Libyan embassy 1984, Ecuadorian embassy 2012

Thursday, 16 August, 2012

The standoff between the governments of Great Britain and Ecuador because the latter has allowed its embassy to be used as a hideout for the alleged sex offender Julian Assange brings back memories of another London embassy drama, one which resulted in the murder of PC Yvonne Fletcher. And the murderer got away with it, as well, thanks to diplomatic subterfuge.

Background: On 17 April 1984, Yvonne Fletcher was part of a Metropolitan Police detachment sent to St. James’s Square to monitor a demonstration at the Libyan embassy by dissidents opposed to the rule of Colonel Muammar Gaddafi. The demonstration had been organized by the Libyan National Salvation Front following the execution of two students who had criticized the tyrant. Loud music was being played from the embassy in an apparent attempt to drown out the noise of the protesters when, without warning, automatic gunfire was discharged into the anti-Gaddafi protesters from the embassy and the unarmed Yvonne Fletcher was fatally wounded.

In July, the Sunday Telegraph named Salah Eddin Khalifa, a high-level member of the former Gaddafi regime, as the person who shot Yvonne Fletcher.
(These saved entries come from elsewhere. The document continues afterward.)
(* Let $n\ge 4$ and $t\in[n-1]$ be integers, and let $S$ be a weak $(2n-2t)$-resolving set of $K_n\times K_n$, with $\overline{S}=V\setminus S$. For all distinct $i,i'\in[n]$: if there is some $j\in[n]$ with $(i,j)\in\overline S$ and $(i',j)\in\overline S$, then $|(L_i\cup L_{i'})\cap\overline S|\le 2t$; otherwise $|(L_i\cup L_{i'})\cap\overline S|\le 2t+1$.
   Context: $K_n\times K_n$ is the direct product of two complete graphs on $n$ vertices: vertex set $V=[n]\times[n]$ with $[n]=\{1,\dots,n\}$, and $(i,j)$ adjacent to $(i',j')$ iff $i\ne i'$ and $j\ne j'$. For $i\in[n]$, $L_i=\{(i,j):j\in[n]\}$ is a vertical layer. For vertices $x,y,z$ and $S\subseteq V$, $\Delta_z(x,y)=|d(x,z)-d(y,z)|$ (with $d$ the graph distance) and $\Delta_S(x,y)=\sum_{z\in S}\Delta_z(x,y)$. A set $S$ is a weak $k$-resolving set if $\Delta_S(x,y)\ge k$ for all distinct $x,y\in V$. *)

theory Defs
  imports Main
begin

definition V :: "nat \<Rightarrow> (nat \<times> nat) set" where
  "V n = {1..n} \<times> {1..n}"

definition edges :: "nat \<Rightarrow> ((nat \<times> nat) \<times> (nat \<times> nat)) set" where
  "edges n = {(x, y). x \<in> V n \<and> y \<in> V n \<and> fst x \<noteq> fst y \<and> snd x \<noteq> snd y}"

definition gdist :: "nat \<Rightarrow> nat \<times> nat \<Rightarrow> nat \<times> nat \<Rightarrow> nat" where
  "gdist n x y = (LEAST k. (x, y) \<in> (edges n) ^^ k)"

definition Delta :: "nat \<Rightarrow> nat \<times> nat \<Rightarrow> nat \<times> nat \<Rightarrow> nat \<times> nat \<Rightarrow> nat" where
  "Delta n z x y = nat \<bar>int (gdist n x z) - int (gdist n y z)\<bar>"

definition DeltaS :: "nat \<Rightarrow> (nat \<times> nat) set \<Rightarrow> nat \<times> nat \<Rightarrow> nat \<times> nat \<Rightarrow> nat" where
  "DeltaS n S x y = (\<Sum>z\<in>S. Delta n z x y)"

definition weak_k_resolving :: "nat \<Rightarrow> nat \<Rightarrow> (nat \<times> nat) set \<Rightarrow> bool" where
  "weak_k_resolving n k S \<longleftrightarrow> S \<subseteq> V n \<and>
     (\<forall>x\<in>V n. \<forall>y\<in>V n. x \<noteq> y \<longrightarrow> DeltaS n S x y \<ge> k)"

definition layer :: "nat \<Rightarrow> nat \<Rightarrow> (nat \<times> nat) set" where
  "layer n i = {(i, j) | j. j \<in> {1..n}}"

end

theory Submission
  imports Defs
begin

text \<open>
  For two vertices x = (i,j) and y = (i',j) of the same column in different layers, every vertex
  outside L_i \<union> L_i' is at the same distance from x and y (distances in K_n \<times> K_n are 0, 1, 2),
  every vertex of L_i \<union> L_i' separates them by at most 1, and x and y themselves by 2.
  Hence 2n - 2t \<le> \<Delta>_S(x,y) \<le> |S \<inter> (L_i \<union> L_i')| + [x \<in> S] + [y \<in> S], and the two layers
  contain 2n vertices. A column avoiding S in both layers gives the bound 2t; otherwise every
  vertex of the two layers outside S has its partner in S, which gives 2t + 1.
\<close>

lemma exists_avoiding_two:
  fixes a c n :: nat
  assumes "3 \<le> n"
  shows "\<exists>p\<in>{1..n}. p \<noteq> a \<and> p \<noteq> c"
proof -
  have "\<exists>p\<in>{1,2,3::nat}. p \<noteq> a \<and> p \<noteq> c" by auto
  then show ?thesis using assms by auto
qed

lemma edges_relpow_2:
  assumes "3 \<le> n" and "x \<in> V n" and "y \<in> V n"
  shows "(x, y) \<in> edges n ^^ 2"
proof -
  obtain a b c d where xy: "x = (a, b)" "y = (c, d)" by fastforce
  obtain p where p: "p \<in> {1..n}" "p \<noteq> a" "p \<noteq> c" using exists_avoiding_two[OF assms(1)] by blast
  obtain q where q: "q \<in> {1..n}" "q \<noteq> b" "q \<noteq> d" using exists_avoiding_two[OF assms(1)] by blast
  have "(x, (p, q)) \<in> edges n" and "((p, q), y) \<in> edges n"
    using assms(2,3) p q xy by (auto simp: edges_def V_def)
  then show ?thesis unfolding numeral_2_eq_2 by (auto intro: relpow_Suc_I2)
qed

lemma gdist_eq:
  assumes "3 \<le> n" and "x \<in> V n" and "y \<in> V n"
  shows "gdist n x y =
    (if x = y then 0 else if fst x \<noteq> fst y \<and> snd x \<noteq> snd y then 1 else 2)"
proof -
  have least_eq: "(LEAST k. (x, y) \<in> edges n ^^ k) = m"
    if "(x, y) \<in> edges n ^^ m" and "\<And>k. k < m \<Longrightarrow> (x, y) \<notin> edges n ^^ k" for m
    using that by (intro Least_equality) (auto simp: not_le[symmetric])
  have walk_0: "(x, y) \<in> edges n ^^ 0 \<longleftrightarrow> x = y" by simp
  have walk_1: "(x, y) \<in> edges n ^^ 1 \<longleftrightarrow> fst x \<noteq> fst y \<and> snd x \<noteq> snd y"
    using assms(2,3) by (simp add: edges_def)
  have below_2: "k < 2 \<longleftrightarrow> k = 0 \<or> k = 1" for k :: nat by auto
  show ?thesis
    unfolding gdist_def
    using least_eq[of 0] least_eq[of 1] least_eq[of 2] edges_relpow_2[OF assms] walk_0 walk_1
    by (auto simp only: below_2 less_one if_split)
qed

lemma Delta_same_column_le:
  assumes "3 \<le> n" and "i \<noteq> i'" and "(i, j) \<in> V n" and "(i', j) \<in> V n" and "z \<in> V n"
  shows "Delta n z (i, j) (i', j) \<le>
    of_bool (z \<in> layer n i \<union> layer n i') + of_bool (z = (i, j)) + of_bool (z = (i', j))"
proof -
  obtain a b where z: "z = (a, b)" by fastforce
  have "z \<in> layer n i \<union> layer n i' \<longleftrightarrow> a = i \<or> a = i'"
    using assms(5) z by (auto simp: layer_def V_def)
  then show ?thesis
    unfolding Delta_def gdist_eq[OF assms(1,3,5)] gdist_eq[OF assms(1,4,5)]
    using assms(2) z by auto
qed

lemma DeltaS_same_column_le:
  assumes "3 \<le> n" and "i \<noteq> i'" and "(i, j) \<in> V n" and "(i', j) \<in> V n" and "S \<subseteq> V n"
  shows "DeltaS n S (i, j) (i', j) \<le>
    card (S \<inter> (layer n i \<union> layer n i')) + of_bool ((i, j) \<in> S) + of_bool ((i', j) \<in> S)"
proof -
  have "finite S"
    using assms(5) finite_subset by (auto simp: V_def)
  have "DeltaS n S (i, j) (i', j) \<le> (\<Sum>z\<in>S. of_bool (z \<in> layer n i \<union> layer n i')
      + of_bool (z = (i, j)) + of_bool (z = (i', j)))"
    unfolding DeltaS_def
    using Delta_same_column_le[OF assms(1-4)] assms(5) by (intro sum_mono) blast
  also have "\<dots> = card (S \<inter> (layer n i \<union> layer n i')) + of_bool ((i, j) \<in> S)
      + of_bool ((i', j) \<in> S)"
  proof -
    have "card (S \<inter> {z. z = x}) = of_bool (x \<in> S)" for x :: "nat \<times> nat"
      by (cases "x \<in> S") auto
    then show ?thesis
      using \<open>finite S\<close> by (simp only: sum.distrib sum_of_bool_eq of_nat_id Collect_mem_eq)
  qed
  finally show ?thesis .
qed

lemma card_two_layers:
  assumes "i \<noteq> i'"
  shows "card (layer n i \<union> layer n i') = 2 * n"
proof -
  have "card (layer n k) = n" for k
  proof -
    have "layer n k = Pair k ` {1..n}" by (auto simp: layer_def)
    then show ?thesis by (simp add: card_image inj_on_def)
  qed
  moreover have "layer n i \<inter> layer n i' = {}"
    using assms by (auto simp: layer_def)
  ultimately show ?thesis
    by (simp add: card_Un_disjoint layer_def)
qed

lemma weak_resolving_two_layers:
  assumes "3 \<le> n" and "weak_k_resolving n k S"
    and "i \<in> {1..n}" and "i' \<in> {1..n}" and "i \<noteq> i'" and "j \<in> {1..n}"
  shows "k + card ((layer n i \<union> layer n i') \<inter> (V n - S)) \<le>
    2 * n + of_bool ((i, j) \<in> S) + of_bool ((i', j) \<in> S)"
proof -
  let ?A = "layer n i \<union> layer n i'"
  have "S \<subseteq> V n" and "(i, j) \<in> V n" and "(i', j) \<in> V n"
    using assms(2-4,6) by (auto simp: weak_k_resolving_def V_def)
  have "k \<le> DeltaS n S (i, j) (i', j)"
    using assms(2,5) \<open>(i, j) \<in> V n\<close> \<open>(i', j) \<in> V n\<close> by (auto simp: weak_k_resolving_def)
  also have "\<dots> \<le> card (S \<inter> ?A) + of_bool ((i, j) \<in> S) + of_bool ((i', j) \<in> S)"
    by (rule DeltaS_same_column_le) fact+
  finally have "k \<le> card (S \<inter> ?A) + of_bool ((i, j) \<in> S) + of_bool ((i', j) \<in> S)" .
  moreover have "card (S \<inter> ?A) + card (?A \<inter> (V n - S)) = 2 * n"
  proof -
    have "?A \<subseteq> V n" using assms(3,4) by (auto simp: layer_def V_def)
    then have "?A \<inter> (V n - S) = ?A - S \<inter> ?A" by blast
    moreover have "finite ?A" by (simp add: layer_def)
    ultimately show ?thesis
      using card_two_layers[OF assms(5)] card_mono[of ?A "S \<inter> ?A"]
      by (simp add: card_Diff_subset)
  qed
  ultimately show ?thesis by linarith
qed

theorem mainTheorem7:
  fixes n t :: nat and S :: "(nat \<times> nat) set"
  assumes "n \<ge> 4" and "t \<in> {1..n-1}"
    and "weak_k_resolving n (2*n - 2*t) S"
  shows "\<forall>i\<in>{1..n}. \<forall>i'\<in>{1..n}. i \<noteq> i' \<longrightarrow>
     ((\<exists>j\<in>{1..n}. (i, j) \<in> V n - S \<and> (i', j) \<in> V n - S) \<longrightarrow>
         card ((layer n i \<union> layer n i') \<inter> (V n - S)) \<le> 2*t) \<and>
     (\<not> (\<exists>j\<in>{1..n}. (i, j) \<in> V n - S \<and> (i', j) \<in> V n - S) \<longrightarrow>
         card ((layer n i \<union> layer n i') \<inter> (V n - S)) \<le> 2*t + 1)"
proof (intro ballI impI conjI)
  fix i i' assume i: "i \<in> {1..n}" and i': "i' \<in> {1..n}" and "i \<noteq> i'"
  have "3 \<le> n" and "t \<le> n" using assms(1,2) by auto
  note bound = weak_resolving_two_layers[OF \<open>3 \<le> n\<close> assms(3) i i' \<open>i \<noteq> i'\<close>]
  let ?C = "(layer n i \<union> layer n i') \<inter> (V n - S)"
  show "card ?C \<le> 2 * t" if common: "\<exists>j\<in>{1..n}. (i, j) \<in> V n - S \<and> (i', j) \<in> V n - S"
  proof -
    obtain j where j: "j \<in> {1..n}" and "(i, j) \<notin> S" and "(i', j) \<notin> S" using common by blast
    then have "2 * n - 2 * t + card ?C \<le> 2 * n" using bound[OF j] by simp
    then show ?thesis using \<open>t \<le> n\<close> by linarith
  qed
  show "card ?C \<le> 2 * t + 1" if no_common: "\<not> (\<exists>j\<in>{1..n}. (i, j) \<in> V n - S \<and> (i', j) \<in> V n - S)"
  proof (cases "?C = {}")
    case False
    then obtain a j where "(a, j) \<in> ?C" by auto
    then have j: "j \<in> {1..n}" and "of_bool ((i, j) \<in> S) + of_bool ((i', j) \<in> S) \<le> (1::nat)"
      using no_common i i' by (auto simp: layer_def V_def)
    then show ?thesis using bound[OF j] \<open>t \<le> n\<close> by linarith
  qed simp
qed

end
Within minutes of the shooting, he had left the embassy via a back door before it was surrounded by police. Khalifa was said to have moved to another North African country following the fall of the Gaddafi regime.
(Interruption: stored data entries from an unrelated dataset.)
lemma NDCG_rel3_sum_le:
  assumes "\<sigma> \<in> rankings 3"
  shows "NDCG 3 \<sigma> (rel3 1 1 0) + NDCG 3 \<sigma> (rel3 0 0 1) + NDCG 3 \<sigma> (rel3 1 0 1) + NDCG 3 \<sigma> (rel3 0 1 0)
    \<le> (2 + discount 2) / (1 + discount 2) + 1 + discount 2"
proof -
  define d where "d = discount 2"
  define x y z where "x = discount (\<sigma> 1)" and "y = discount (\<sigma> 2)" and "z = discount (\<sigma> 3)"
  have d: "1 / 2 < d" "d < 1"
    unfolding d_def by (fact discount_2_bounds)+
  have total: "x + y + z = 3 / 2 + d" and x: "x \<ge> 1 / 2"
    using assms d unfolding x_def y_def z_def d_def
    by (cases rule: rankings_3_cases; simp add: discount_simps)+
  have "NDCG 3 \<sigma> (rel3 1 1 0) + NDCG 3 \<sigma> (rel3 0 0 1) + NDCG 3 \<sigma> (rel3 1 0 1) + NDCG 3 \<sigma> (rel3 0 1 0)
      = ((x + y) + (x + z)) / (1 + d) + (y + z)"
    unfolding NDCG_rel3[OF assms] x_def y_def z_def d_def by (simp add: add_divide_distrib)
  also have "\<dots> = (3 / 2 + d + x) / (1 + d) + 3 / 2 + d - x"
    using total by (simp add: algebra_simps)
  \<comment> \<open>only the discount of the object ranked first matters, and it is at least 1/2\<close>
  also have "\<dots> = (3 / 2 + d + 1 / 2) / (1 + d) + (x - 1 / 2) / (1 + d) + 3 / 2 + d - x"
    by (simp flip: add_divide_distrib)
  also have "\<dots> \<le> (3 / 2 + d + 1 / 2) / (1 + d) + 3 / 2 + d - 1 / 2"
  proof -
    have "x - 1 / 2 \<le> (x - 1 / 2) * (1 + d)"
      using d x by (simp add: algebra_simps)
    then have "(x - 1 / 2) / (1 + d) \<le> x - 1 / 2"
      using d by (simp add: divide_le_eq)
    then show ?thesis
      by simp
  qed
  finally show ?thesis
    by (simp add: d_def add_ac)
qed

lemma NDCG_regret_lower_bound:
  assumes "valid_learner 3 L"
  shows "\<exists>rs. binary_seq 3 T rs \<and>
    regret_gain 3 (NDCG 3) L rs T \<ge> discount 2 * (1 - discount 2) / (1 + discount 2) / 4 * real T"
proof (rule regret_gain_two_pairs_lower_bound[OF assms, of "rel3 1 1 0" "rel3 0 0 1" "rel3 1 0 1" "rel3 0 1 0"
      _ "(2 + discount 2) / (1 + discount 2) + 1 + discount 2"
      "Transposition.transpose 1 3" "Transposition.transpose 1 2"])
  fix x :: nat
  assume "x \<in> {1..3}"
  then have "x = 1 \<or> x = 2 \<or> x = 3"
    by auto
  then show "{rel3 1 1 0 x, rel3 0 0 1 x, rel3 1 0 1 x, rel3 0 1 0 x} \<subseteq> {0, 1}"
    and "rel3 1 1 0 x + rel3 0 0 1 x = rel3 1 0 1 x + rel3 0 1 0 x"
    by auto
next
  define d where "d = discount 2"
  have d: "1 / 2 < d" "d < 1"
    unfolding d_def by (fact discount_2_bounds)+
  have "NDCG 3 (Transposition.transpose 1 3) (rel3 1 1 0) = (1 / 2 + d) / (1 + d)"
    and "NDCG 3 (Transposition.transpose 1 3) (rel3 0 0 1) = 1"
    and "NDCG 3 (Transposition.transpose 1 2) (rel3 1 0 1) = (d + 1 / 2) / (1 + d)"
    and "NDCG 3 (Transposition.transpose 1 2) (rel3 0 1 0) = 1"
    by (simp_all add: NDCG_rel3 transpose_in_rankings discount_simps d_def)
  moreover have "1 + d \<noteq> 0"
    using d by simp
  ultimately have "NDCG 3 (Transposition.transpose 1 3) (rel3 1 1 0) + NDCG 3 (Transposition.transpose 1 3) (rel3 0 0 1)
      + NDCG 3 (Transposition.transpose 1 2) (rel3 1 0 1) + NDCG 3 (Transposition.transpose 1 2) (rel3 0 1 0)
      - ((2 + d) / (1 + d) + 1 + d) = d * (1 - d) / (1 + d)"
    by (simp add: field_simps)
  then show "NDCG 3 (Transposition.transpose 1 3) (rel3 1 1 0) + NDCG 3 (Transposition.transpose 1 3) (rel3 0 0 1)
      + NDCG 3 (Transposition.transpose 1 2) (rel3 1 0 1) + NDCG 3 (Transposition.transpose 1 2) (rel3 0 1 0)
      - ((2 + discount 2) / (1 + discount 2) + 1 + discount 2)
      \<ge> discount 2 * (1 - discount 2) / (1 + discount 2)"
    by (simp add: d_def)
qed (auto simp: NDCG_rel3_sum_le transpose_in_rankings)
Ecuador is a very unpleasant country, rife with corruption and crime and very adept at bullying the press. In many ways, it is an ideal location for Assange but he deserves to be arrested before he ever sets foot there. One hopes that president Rafael Correa understands what’s at stake here because one assumes that the British have no intention of allowing a repeat of the the Libyan abuse of diplomatic premises or privileges.